- Interactive map of Sandy Island, South Carolina
- Country: United States
- State: South Carolina
- County: Georgetown
- Time zone: Eastern
- Area code: 843

= Sandy Island, South Carolina =

Sandy Island is the name of a small unincorporated community in Georgetown County, South Carolina, United States, and a larger island between the Pee Dee and Waccamaw Rivers that has been preserved as a refuge and nature center.

The island is about 9,000 acres (36 km^{2}) of a prehistoric sand dune. It is bounded east and west by the rivers, on the north by Bull Creek, and on the south by Thoroughfare Creek.

The northern part of the island is higher and is mostly a longleaf pine forest, which provides a refuge for the endangered red-cockaded woodpecker and American peregrine falcon, along with numerous other species of plants and animals. About 9,000 acres (36 km^{2}) of the island has been purchased by The Nature Conservancy for permanent protection from development.

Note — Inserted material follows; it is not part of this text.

(* Let $S\in\mathbb{R}_{\geq 0}^{[m]\times[N]}$ be a matrix with non-negative entries. Then \[\mathrm{rk}_+(S)=\min\{|\Gamma(\pi)| : \pi\in\mathrm{Prot}_+(S)\}.\]
   Context: $\mathrm{rk}_+(S)$ is the non-negative rank: the least $r$ such that $S=UW$ with $U\in\mathbb{R}_{\ge0}^{m\times r}$, $W\in\mathbb{R}_{\ge 0}^{r\times N}$. A Markovian protocol $\pi$ in $k\ge 1$ rounds between Alice (who receives an input $i\in[m]$) and Bob (who receives an input $j\in[N]$) is given by: finite sets $V_1,\dots,V_k$ of messages; a first speaker $D_1\in\{A,B\}$, the speakers alternating thereafter ($D_{t+1}\neq D_t$); for the first speaker an initial probability distribution $p^0_{D_1,z}$ on $V_1$ depending on his/her input $z$; for $1\le t\le k-1$, transition probabilities $p^{(t)}_{D_{t+1},z}(u_t,\cdot)$, a probability distribution on $V_{t+1}$ used by the party $D_{t+1}$ with input $z$ after receiving message $u_t$; and finally the party $D_{k+1}$ (the one who received $u_k$) claims an output $\omega\ge 0$ drawn from a distribution on $[0,\infty)$ depending only on his/her input and on $u_k$, with finite mean $\bar\omega_{D_{k+1},z}(u_k)$. (Protocols with either party as first speaker are allowed.) The average output on inputs $(i,j)$ is \[\mathbb{E}[\omega\mid i,j]=\sum_{(u_1,\dots,u_k)} p^0_{D_1,z_1}(u_1)\prod_{t=1}^{k-1}p^{(t)}_{D_{t+1},z_{t+1}}(u_t,u_{t+1})\,\bar\omega_{D_{k+1},z_{k+1}}(u_k),\] where $z_s=i$ if $D_s=A$ and $z_s=j$ if $D_s=B$. For $\gamma=(u_1,\dots,u_k)$, let $A_{i,\gamma}$ be the product of those factors in the summand for $\gamma$ belonging to Alice (i.e. depending on her input $i$) and $B_{\gamma,j}$ the product of the factors belonging to Bob, so the summand is $A_{i,\gamma}B_{\gamma,j}$. The protocol is correct for $S$ if for all $(i,j)$ the output is non-negative with probability $1$ and $\mathbb{E}[\omega\mid i,j]=S_{i,j}$; $\mathrm{Prot}_+(S)$ is the set of Markovian protocols correct for $S$. The width is $|\Gamma(\pi)|$, where $\Gamma(\pi)=\{\gamma\in V_1\times\cdots\times V_k : \exists i\in[m],\exists j\in[N],\ A_{i,\gamma}B_{\gamma,j}>0\}$. *)

theory Defs
  imports "HOL-Probability.Probability"
begin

On the southern, lower end of the island are the remnants of old rice plantations, with the watergates and earthwork canals, built by African enslaved people who were forced to grow rice there. Such development was used to manage the water supply for irrigating the rice fields. A small community in the south is made up of a few families who are descendants of former slaves. The island is only accessible by boat, and workers and school children commute to the mainland daily for work and school.

Because of its resources, the island is regularly visited by naturalists, planters, archaeologists and geologists. Brookgreen Gardens runs daily "scenic" boat rides close to the island. Tours of the southern end are available by private tour company.